Caveat: high band­width over­sight could still be use­ful to work on

High band­width over­sight could still be use­ful to work on for the fol­low­ing rea­sons:

  • If you think that other solu­tions could be found to the se­cu­rity prob­lem in high band­width over­sight.

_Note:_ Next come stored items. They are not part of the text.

theorem convex_quadratic_error_bound:
  fixes G :: "real^'n \<Rightarrow> real"
  assumes "quadratic_fun G" "polyhedron P" "convex_on P G" and G_nonneg: "\<And>x. x \<in> P \<Longrightarrow> 0 \<le> G x"
    and "z \<in> P" "G z = 0"
  shows "\<exists>C\<ge>0. \<forall>x\<in>P. infdist x {x\<in>P. G x = 0} \<le> C * (sqrt (G x) + G x)"
proof -
  obtain Q a \<alpha> where G: "\<And>x. G x = x \<bullet> (Q *v x) + a \<bullet> x + \<alpha>"
    using assms(1) unfolding quadratic_fun_def by blast
  define S where "S w = w \<bullet> (Q *v w)" for w
  define cv where "cv u = Q *v u + transpose Q *v u" for u
  define g where "g = cv z + a"
  have split: "G x = g \<bullet> (x - z) + S (x - z)" "0 \<le> g \<bullet> (x - z)" "0 \<le> S (x - z)" if "x \<in> P" for x
    using convex_quadratic_vanishing_split[OF G \<open>convex_on P G\<close> G_nonneg \<open>z \<in> P\<close> \<open>G z = 0\<close> that]
    by (simp_all add: g_def cv_def S_def)
  have S_nonneg: "0 \<le> S (x - y)" if "x \<in> P" "y \<in> P" for x y
    unfolding S_def using quadratic_form_nonneg_if_convex_on[OF G \<open>convex_on P G\<close> that] .
  obtain B where B: "B \<subseteq> (\<lambda>x. x - z) ` P" "independent B" "(\<lambda>x. x - z) ` P \<subseteq> span B"
    by (rule maximal_independent_subset)
  have "finite B" using B(2) by (rule finiteI_independent)
  define K where "K = (\<Sum>u\<in>B. 2 * sqrt (S u))"
  have S_B: "0 \<le> S u" if "u \<in> B" for u using that B(1) S_nonneg \<open>z \<in> P\<close> by auto
  then have "0 \<le> K" unfolding K_def by (auto intro: sum_nonneg)
  \<comment> \<open>The zero set of G in P is cut out by the equations \<open>g \<bullet> (x - z) = 0\<close> and
     \<open>cv u \<bullet> (x - z) = 0\<close> for u in a basis of \<open>P - z\<close>; on P their violations are
     \<open>O(G + sqrt G)\<close> by the semidefinite Cauchy-Schwarz inequality.\<close>
  show ?thesis
  proof (rule zero_set_error_bound_from_equations[where E = "insert g (cv ` B)"])
    fix x assume "x \<in> P" and orth: "\<forall>v\<in>insert g (cv ` B). v \<bullet> (x - z) = 0"
    moreover have "x - z \<in> span B" using B(3) \<open>x \<in> P\<close> by auto
    ultimately have "S (x - z) = 0"
      unfolding S_def by (intro quadratic_form_zero_if_orthogonal_span[OF \<open>finite B\<close>]) (auto simp: cv_def)
    then show "G x = 0" using split(1)[OF \<open>x \<in> P\<close>] orth by simp
  next
    fix v x assume "v \<in> insert g (cv ` B)" "x \<in> P"
    have "0 \<le> G x" "0 \<le> K * sqrt (G x)" using \<open>0 \<le> K\<close> G_nonneg[OF \<open>x \<in> P\<close>] by simp_all
    from \<open>v \<in> insert g (cv ` B)\<close> consider "v = g" | u where "u \<in> B" "v = cv u" by blast
    then show "\<bar>v \<bullet> (x - z)\<bar> \<le> G x + K * sqrt (G x)"
    proof cases
      case 1
      then show ?thesis using split[OF \<open>x \<in> P\<close>] \<open>0 \<le> K * sqrt (G x)\<close> by simp
    next
      case (2 u)
      obtain p where "p \<in> P" "u = p - z" using \<open>u \<in> B\<close> B(1) by auto
      have "\<bar>cv u \<bullet> (x - z)\<bar> \<le> 2 * sqrt (S u) * sqrt (S (x - z))"
        unfolding cv_def S_def \<open>u = p - z\<close> using S_nonneg[OF \<open>x \<in> P\<close> \<open>z \<in> P\<close>]
        by (intro semidefinite_cauchy_schwarz quadratic_form_nonneg_on_lines[OF polyhedron_imp_convex[OF
              \<open>polyhedron P\<close>] S_nonneg[unfolded S_def] \<open>p \<in> P\<close> \<open>x \<in> P\<close> \<open>z \<in> P\<close>])
          (auto simp: S_def)
      also have "\<dots> \<le> K * sqrt (G x)"
        using \<open>finite B\<close> \<open>u \<in> B\<close> S_B split[OF \<open>x \<in> P\<close>] \<open>0 \<le> K\<close> unfolding K_def
        by (intro mult_mono member_le_sum real_sqrt_le_mono) auto
      finally show ?thesis unfolding \<open>v = cv u\<close> using \<open>0 \<le> G x\<close> by linarith
    qed
  qed (use assms \<open>finite B\<close> \<open>0 \<le> K\<close> in auto)
qed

Paul claims that low band­width over­sight is the most likely solu­tion to se­cu­rity is­sues within the over­seer, but he thinks it may be pos­si­ble to make IDA with high band­width over­sight se­cure us­ing var­i­ous tech­niques for op­ti­miz­ing worst-case perfor­mance on the fi­nal dis­til­led agent, even if the over­seer is in­se­cure. (see https://​ai-al­ign­ment.com/​two-guaran­tees-c4c03a6b434f)

  • It could help make progress on low band­width over­sight. If high band­width over­sight fails, then so will low band­width over­sight. If high band­width over­sight suc­ceeds, then we might be able to break down each of the sub­tasks into low band­width tasks, di­rectly yield­ing a low band­width over­seer). I think the fac­tored cog­ni­tion ex­per­i­ments planned by Ought plau­si­bly fall into this cat­e­gory.

  • If you think it could be used as a medium-term al­ign­ment solu­tion or a fal­lback plan if no other al­ign­ment ap­proach is ready in time. This seems like it would only work if it is used for limited tasks and a limited amount of time, in or­der to ex­tend the time win­dow for prepar­ing a truly scal­able ap­proach. In this sce­nario, it would be very use­ful to have tech­niques that could help us un­der­stand how far the ap­proach could be scaled be­fore failure.